### Task to carry out
Output exactly the lines spanning from the line containing "by (rule Bres_Int_Bres_zero[OF" to the last line of the entries, inclusive.

### Records for this exercise
theorem mainTheorem2:
  fixes emb :: "complex \<Rightarrow> 'a::idom" and B :: "int^'k \<Rightarrow> 'a set"
  assumes "affine_T_variety emb B"
  shows "\<exists>N1. (\<exists>N2. lattice_splitting N1 N2
            \<and> fix_pointed (Bres B N1)
            \<and> hyperbolic N2 (\<lambda>chi. Bres B N1 (\<lambda>_. 0) \<inter> Bres B N2 chi)
            \<and> Bres B N1 (\<lambda>_. 0) \<inter> Bres B N2 (\<lambda>_. 0) = B 0)
          \<and> (\<forall>N1' N2'. lattice_splitting N1' N2'
              \<and> fix_pointed (Bres B N1')
              \<and> hyperbolic N2' (\<lambda>chi. Bres B N1' (\<lambda>_. 0) \<inter> Bres B N2' chi)
              \<and> Bres B N1' (\<lambda>_. 0) \<inter> Bres B N2' (\<lambda>_. 0) = B 0
              \<longrightarrow> N1' = N1)"
proof -
  have grading: "M_grading emb B" using assms unfolding affine_T_variety_def by blast
  define N1 where "N1 = perp (lineality_weights (weights B))"
  obtain N2 where split: "lattice_splitting N1 N2"
    using perp_lattice_splitting unfolding N1_def by blast
  show ?thesis
  proof (intro exI conjI allI impI)
    show "lattice_splitting N1 N2" by (fact split)
    show "fix_pointed (Bres B N1)"
      unfolding N1_def by (rule fix_pointed_perp_lineality[OF grading])
    show "hyperbolic N2 (\<lambda>chi. Bres B N1 (\<lambda>_. 0) \<inter> Bres B N2 chi)"
      using hyperbolic_perp_lineality[OF grading] split unfolding N1_def .
    show "Bres B N1 (\<lambda>_. 0) \<inter> Bres B N2 (\<lambda>_. 0) = B 0"
      by (rule Bres_Int_Bres_zero[OF grading split])
  next
    fix N1' N2'
    assume "lattice_splitting N1' N2' \<and> fix_pointed (Bres B N1')
      \<and> hyperbolic N2' (\<lambda>chi. Bres B N1' (\<lambda>_. 0) \<inter> Bres B N2' chi)
      \<and> Bres B N1' (\<lambda>_. 0) \<inter> Bres B N2' (\<lambda>_. 0) = B 0"
    then show "N1' = N1"
      using fix_pointed_imp_subset_perp_lineality[OF grading, of N1']
        hyperbolic_imp_perp_lineality_subset[OF grading, of N1' N2']
      unfolding N1_def by blast
  qed
qed

end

### Written response
      by (rule Bres_Int_Bres_zero[OF grading split])
  next
    fix N1' N2'
    assume "lattice_splitting N1' N2' \<and> fix_pointed (Bres B N1')
      \<and> hyperbolic N2' (\<lambda>chi. Bres B N1' (\<lambda>_. 0) \<inter> Bres B N2' chi)
      \<and> Bres B N1' (\<lambda>_. 0) \<inter> Bres B N2' (\<lambda>_. 0) = B 0"
    then show "N1' = N1"
      using fix_pointed_imp_subset_perp_lineality[OF grading, of N1']
        hyperbolic_imp_perp_lineality_subset[OF grading, of N1' N2']
      unfolding N1_def by blast
  qed
qed

end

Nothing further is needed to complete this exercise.